- WORK REQUEST -
Search the records for lines with the word "thesis" and copy each match.

- EXERCISE MATERIALS -
lemma sym_sub_subset_sym_mod_ideal:
  assumes V: "fsubspace V" and f: "f \<in> sym_sub m" "f \<in> V"
  shows "f \<in> sym_mod_ideal sc br V"
proof -
  define h where "h k = (if k = m then f else (\<lambda>_. 0))" for k
  have "f = fsum h {..m}"
  proof (rule ext)
    fix w
    have "(\<Sum>k\<le>m. h k w) = (\<Sum>k\<in>{m}. h k w)" by (rule sum.mono_neutral_right) (auto simp: h_def)
    then show "f w = fsum h {..m} w" by (simp add: fops_apply h_def)
  qed
  moreover have "\<forall>k\<le>m. h k \<in> sym_sub k \<inter> V"
    using f fsubspace_zero[OF sym_sub_subspace] fsubspace_zero[OF V] by (auto simp: h_def)
  ultimately have "f \<in> (\<Union>n. sym_sums V n)" unfolding sym_sums_def by blast
  then show ?thesis
    unfolding sym_mod_ideal_def by (rule set_plus_f_right[OF ue_ideal_subspace])
qed

lemma sym_mod_idealE:
  assumes "f \<in> sym_mod_ideal sc br V"
  obtains N h where "\<forall>k\<le>N. h k \<in> sym_sub k \<inter> V" "fsub f (fsum h {..N}) \<in> ue_ideal sc br"
proof -
  obtain i s n where "i \<in> ue_ideal sc br" "s \<in> sym_sums V n" "f = fadd i s"
    using assms unfolding sym_mod_ideal_def by (blast elim: set_plus_fE)
  moreover from this obtain h where "\<forall>k\<le>n. h k \<in> sym_sub k \<inter> V" "s = fsum h {..n}"
    unfolding sym_sums_def by blast
  moreover have "fsub (fadd i s) s = i" by (rule ext) (simp add: fops_apply)
  ultimately show ?thesis using that by metis
qed

lemma wd_in_sym_mod_ideal:
  "(wd y :: 'g::ab_group_add list \<Rightarrow> 'k::field_char_0) \<in> sym_mod_ideal sc br UNIV"
proof (induction "length y" arbitrary: y rule: less_induct)
  case less
  have "fsub (wd y) (symz y) \<in> ideal_plus_shorter sc br (length y)"
    by (rule wd_symz_mod_shorter) simp
  then obtain i l where il: "i \<in> ue_ideal sc br" "l \<in> fspan {wd z | z. length z < length y}"
    "fsub (wd y) (symz y) = fadd i l"
    unfolding ideal_plus_shorter_def by (blast elim: set_plus_fE)
  have "fspan {wd z | z. length z < length y} \<subseteq> sym_mod_ideal sc br UNIV"
    by (rule fspan_minimal[OF sym_mod_ideal_subspace[OF fsubspace_UNIV]]) (use less in blast)
  then have "l \<in> sym_mod_ideal sc br UNIV" using il(2) by blast
  moreover have "i \<in> sym_mod_ideal sc br UNIV"
    using il(1) by (rule ue_ideal_subset_sym_mod_ideal[OF fsubspace_UNIV])
  moreover have "symz y \<in> sym_mod_ideal sc br UNIV"
    by (rule sym_sub_subset_sym_mod_ideal[OF fsubspace_UNIV symz_in_sym_sub]) simp_all
  moreover have "wd y = fadd (symz y) (fadd i l)"
    using il(3) by (intro ext) (auto simp: fops_apply fun_eq_iff algebra_simps)
  ultimately show ?case
    by (simp add: fsubspace_add sym_mod_ideal_subspace[OF fsubspace_UNIV])
qed

lemma fin_supp_sym_mod_ideal:
  fixes v :: "'g::ab_group_add list \<Rightarrow> 'k::field_char_0"
  assumes "v \<in> fin_supp"
  shows "v \<in> sym_mod_ideal sc br UNIV"
  by (rule fin_supp_in_subspace[OF sym_mod_ideal_subspace[OF fsubspace_UNIV] wd_in_sym_mod_ideal assms])

section \<open>Commutators are congruent to symmetric elements of the trace kernel\<close>

lemma permute_list_update:
  assumes \<sigma>: "\<sigma> permutes {..<length zs}" and j: "j < length zs"
  shows "(map (\<lambda>i. zs ! \<sigma> i) [0..<length zs])[j := v]
    = map (\<lambda>i. (zs[\<sigma> j := v]) ! \<sigma> i) [0..<length zs]"
proof (rule nth_equalityI)
  fix i assume "i < length ((map (\<lambda>i. zs ! \<sigma> i) [0..<length zs])[j := v])"
  then have i: "i < length zs" by simp
  have "\<sigma> i < length zs" using permutes_in_image[OF \<sigma>] i by simp
  moreover have "\<sigma> i = \<sigma> j \<longleftrightarrow> i = j" using permutes_inj[OF \<sigma>] by (auto dest: injD)
  ultimately show "(map (\<lambda>i. zs ! \<sigma> i) [0..<length zs])[j := v] ! i
      = map (\<lambda>i. (zs[\<sigma> j := v]) ! \<sigma> i) [0..<length zs] ! i"
    using i j by (auto simp: nth_list_update)
qed simp

lemma sum_update_permuted:
  assumes \<sigma>: "\<sigma> permutes {..<length zs}"
  shows "(\<Sum>j<length zs. F ((map (\<lambda>i. zs ! \<sigma> i) [0..<length zs])[j := g (zs ! \<sigma> j)]))
    = (\<Sum>l<length zs. F (map (\<lambda>i. (zs[l := g (zs ! l)]) ! \<sigma> i) [0..<length zs]))"
proof -
  have "(\<Sum>j<length zs. F ((map (\<lambda>i. zs ! \<sigma> i) [0..<length zs])[j := g (zs ! \<sigma> j)]))
      = (\<Sum>j<length zs. F (map (\<lambda>i. (zs[\<sigma> j := g (zs ! \<sigma> j)]) ! \<sigma> i) [0..<length zs]))"
    by (rule sum.cong) (simp_all add: permute_list_update[OF \<sigma>])
  also have "\<dots> = (\<Sum>l<length zs. F (map (\<lambda>i. (zs[l := g (zs ! l)]) ! \<sigma> i) [0..<length zs]))"
    using sum.permute[OF \<sigma>, of "\<lambda>l. F (map (\<lambda>i. (zs[l := g (zs ! l)]) ! \<sigma> i) [0..<length zs])"]
    by (simp add: comp_def)
  finally show ?thesis .
qed

definition ad :: "'g \<Rightarrow> ('g list \<Rightarrow> 'k::field) \<Rightarrow> 'g list \<Rightarrow> 'k" where
  "ad x f = fsub (sandwich [x] [] f) (sandwich [] [x] f)"

lemma ad_wd: "ad x (wd w) = fsub (wd (x # w)) (wd (w @ [x]))"
  by (simp add: ad_def sandwich_wd)

lemma ad_linear:
  "ad x (fadd f g) = fadd (ad x f) (ad x g)"
  "ad x (fscale c f) = fscale c (ad x f)"
  "ad x (fsub f g) = fsub (ad x f) (ad x g)"
  "ad x (fsum F A) = fsum (\<lambda>i. ad x (F i)) A"
  "ad x (\<lambda>_. 0) = (\<lambda>_. 0)"
  by (simp_all add: fun_eq_iff ad_def sandwich_linear fops_apply sum_subtractf algebra_simps)

lemma fsubspace_ad_preimage: "fsubspace W \<Longrightarrow> fsubspace {f. ad x f \<in> W}"
  unfolding fsubspace_def by (simp add: ad_linear)

lemma ad_in_comm_span: "f \<in> fin_supp \<Longrightarrow> ad x f \<in> comm_span"
  unfolding comm_span_def
  by (intro fspan_superset CollectI exI[of _ "wd [x]"] exI[of _ f])
     (simp add: ad_def wmult_wd_left wmult_wd_right)

lemma ad_ue_ideal: "f \<in> ue_ideal sc br \<Longrightarrow> ad x f \<in> ue_ideal sc br"
  unfolding ad_def by (intro fsubspace_diff[OF ue_ideal_subspace] ue_ideal_sandwich)

context
  fixes sc :: "'k::field_char_0 \<Rightarrow> 'g::ab_group_add \<Rightarrow> 'g" and br :: "'g \<Rightarrow> 'g \<Rightarrow> 'g"
begin

text \<open>Modulo the ideal, \<open>ad x\<close> acts on a word as the derivation extending \<open>[x, -]\<close>.\<close>

lemma ad_word:
  "fsub (fsub (wd (p @ x # w)) (wd (p @ w @ [x])))
     (fsum (\<lambda>j. wd (p @ w[j := br x (w ! j)])) {..<length w})
   \<in> (ue_ideal sc br :: ('g list \<Rightarrow> 'k) set)"
proof (induction w arbitrary: p)
  case Nil
  have "fsub (fsub (wd (p @ [x])) (wd (p @ [] @ [x])))
      (fsum (\<lambda>j. wd (p @ [][j := br x ([] ! j)])) {..<length []}) = (\<lambda>_. 0 :: 'k)"
    by (rule ext) (simp add: fops_apply)
  then show ?case using fsubspace_zero[OF ue_ideal_subspace] by simp
next
  case (Cons a w)
  have "fsub (fsub (wd (p @ x # a # w)) (wd (p @ (a # w) @ [x])))
      (fsum (\<lambda>j. wd (p @ (a # w)[j := br x ((a # w) ! j)])) {..<length (a # w)})
    = fadd (fsub (fsub (wd (p @ [x, a] @ w)) (wd (p @ [a, x] @ w)))
          (wd (p @ [br x a] @ w)) :: 'g list \<Rightarrow> 'k)
        (fsub (fsub (wd ((p @ [a]) @ x # w)) (wd ((p @ [a]) @ w @ [x])))
          (fsum (\<lambda>j. wd ((p @ [a]) @ w[j := br x (w ! j)])) {..<length w}))"
    by (rule ext) (simp add: fops_apply sum.lessThan_Suc_shift del: sum.lessThan_Suc)
  moreover have "fsub (fsub (wd (p @ [x, a] @ w)) (wd (p @ [a, x] @ w))) (wd (p @ [br x a] @ w))
      \<in> (ue_ideal sc br :: ('g list \<Rightarrow> 'k) set)"
    by (rule ue_ideal_commutator_letters)
  ultimately show ?case
    using fsubspace_add[OF ue_ideal_subspace _ Cons.IH[of "p @ [a]"]] by simp
qed

lemma ad_symz:
  "fsub (ad x (symz zs)) (fsum (\<lambda>l. symz (zs[l := br x (zs ! l)])) {..<length zs})
     \<in> (ue_ideal sc br :: ('g list \<Rightarrow> 'k) set)"
proof -
  let ?k = "length zs"
  let ?P = "{\<sigma>. \<sigma> permutes {..<?k}}"
  define \<pi> where "\<pi> \<sigma> ys = map (\<lambda>i. ys ! \<sigma> i) [0..<?k]" for \<sigma> and ys :: "'g list"
  define T :: "_ \<Rightarrow> 'g list \<Rightarrow> 'k" where "T \<sigma> = fsub (fsub (wd (x # \<pi> \<sigma> zs)) (wd (\<pi> \<sigma> zs @ [x])))
      (fsum (\<lambda>j. wd ((\<pi> \<sigma> zs)[j := br x (\<pi> \<sigma> zs ! j)])) {..<?k})" for \<sigma>
  have T: "T \<sigma> \<in> ue_ideal sc br" for \<sigma>
    using ad_word[of "[]" x "\<pi> \<sigma> zs"] by (simp add: T_def \<pi>_def)
  have symz_eq: "symz ys = fscale (1 / fact ?k) (fsum (\<lambda>\<sigma>. wd (\<pi> \<sigma> ys)) ?P)"
    if "length ys = ?k" for ys
    using that by (simp add: symz_def \<pi>_def)
  have "fsub (ad x (symz zs)) (fsum (\<lambda>l. symz (zs[l := br x (zs ! l)])) {..<?k})
      = fscale (1 / fact ?k) (fsum T ?P)"
  proof (rule ext)
    fix w
    have reindex: "(\<Sum>j<?k. wd ((\<pi> \<sigma> zs)[j := br x (\<pi> \<sigma> zs ! j)]) w)
        = (\<Sum>l<?k. wd (\<pi> \<sigma> (zs[l := br x (zs ! l)])) w)" if "\<sigma> \<in> ?P" for \<sigma>
      using sum_update_permuted[of \<sigma> zs "\<lambda>u. wd u w" "br x"] that by (simp add: \<pi>_def)
    have A: "ad x (symz zs) w = 1 / fact ?k * (\<Sum>\<sigma>\<in>?P. wd (x # \<pi> \<sigma> zs) w - wd (\<pi> \<sigma> zs @ [x]) w)"
      unfolding symz_eq[OF refl] ad_def
      by (simp add: sandwich_linear sandwich_wd fops_apply sum_subtractf right_diff_distrib)
    have B: "fsum (\<lambda>l. symz (zs[l := br x (zs ! l)])) {..<?k} w
        = 1 / fact ?k * (\<Sum>\<sigma>\<in>?P. \<Sum>l<?k. wd (\<pi> \<sigma> (zs[l := br x (zs ! l)])) w)"
      by (simp add: symz_eq fops_apply sum_distrib_left sum.swap[of _ ?P])
    have C: "fscale (1 / fact ?k) (fsum T ?P) w
        = 1 / fact ?k * ((\<Sum>\<sigma>\<in>?P. wd (x # \<pi> \<sigma> zs) w - wd (\<pi> \<sigma> zs @ [x]) w)
        - (\<Sum>\<sigma>\<in>?P. \<Sum>l<?k. wd (\<pi> \<sigma> (zs[l := br x (zs ! l)])) w))"
      by (simp add: T_def fops_apply reindex sum_subtractf)
    show "fsub (ad x (symz zs)) (fsum (\<lambda>l. symz (zs[l := br x (zs ! l)])) {..<?k}) w
        = fscale (1 / fact ?k) (fsum T ?P) w"
      by (simp only: fsub_apply A B C right_diff_distrib)
  qed
  then show ?thesis
    by (simp add: T fsubspace_scale fsubspace_fsum ue_ideal_subspace)
qed

end

lemma ad_sym_sub:
  fixes g :: "'g::ab_group_add list \<Rightarrow> 'k::field_char_0"
  assumes "g \<in> sym_sub k"
  shows "ad x g \<in> set_plus_f (ue_ideal sc br) (sym_sub k)"
proof -
  let ?W = "set_plus_f (ue_ideal sc br) (sym_sub k :: ('g list \<Rightarrow> 'k) set)"
  have W: "fsubspace ?W" by (rule set_plus_f_subspace[OF ue_ideal_subspace sym_sub_subspace])
  have "symz zs \<in> {f. ad x f \<in> ?W}" if "length zs = k" for zs
  proof -
    have "fsum (\<lambda>l. symz (zs[l := br x (zs ! l)])) {..<k} \<in> sym_sub k"
      using that by (intro fsubspace_fsum[OF sym_sub_subspace] symz_in_sym_sub) simp
    moreover have "ad x (symz zs)
        = fadd (fsub (ad x (symz zs)) (fsum (\<lambda>l. symz (zs[l := br x (zs ! l)])) {..<k}))
          (fsum (\<lambda>l. symz (zs[l := br x (zs ! l)])) {..<k})"
      by (rule ext) (simp add: fops_apply)
    ultimately show ?thesis
      using ad_symz[where sc = sc and br = br and x = x and zs = zs] that
      unfolding set_plus_f_def by force
  qed
  then have "fspan {symz xs |xs. length xs = k} \<subseteq> {f. ad x f \<in> ?W}"
    by (intro fspan_minimal[OF fsubspace_ad_preimage[OF W]]) blast
  then show ?thesis using assms unfolding sym_sub_def by blast
qed

lemma ad_sym_sub_mod_ideal:
  fixes g :: "'g::ab_group_add list \<Rightarrow> 'k::field_char_0"
  assumes g: "g \<in> sym_sub k"
  shows "ad x g \<in> sym_mod_ideal sc br (trace_kernel sc br)"
proof -
  obtain i s where dec: "i \<in> ue_ideal sc br" "s \<in> sym_sub k" "ad x g = fadd i s"
    using ad_sym_sub[OF g] by (blast elim: set_plus_fE)
  text \<open>The symmetric part lies in the trace kernel because \<open>ad x g\<close> is a commutator.\<close>
  have "s = fsub (ad x g) i" by (rule ext) (simp add: dec(3) fops_apply)
  then have "s \<in> trace_kernel sc br"
    using fsubspace_diff[OF trace_kernel_subspace comm_span_subset_trace_kernel[OF ad_in_comm_span]
        ue_ideal_subset_trace_kernel[OF dec(1)]] g sym_sub_fin_supp by auto
  then show ?thesis
    using dec fsubspace_add[OF sym_mod_ideal_subspace[OF trace_kernel_subspace]]
      ue_ideal_subset_sym_mod_ideal[OF trace_kernel_subspace]
      sym_sub_subset_sym_mod_ideal[OF trace_kernel_subspace]
    by metis
qed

- PROBLEM SOLUTION -
  then show ?thesis
  ultimately show ?thesis using that by metis
  finally show ?thesis .
  then show ?thesis
    ultimately show ?thesis
  then show ?thesis using assms unfolding sym_sub_def by blast
  then show ?thesis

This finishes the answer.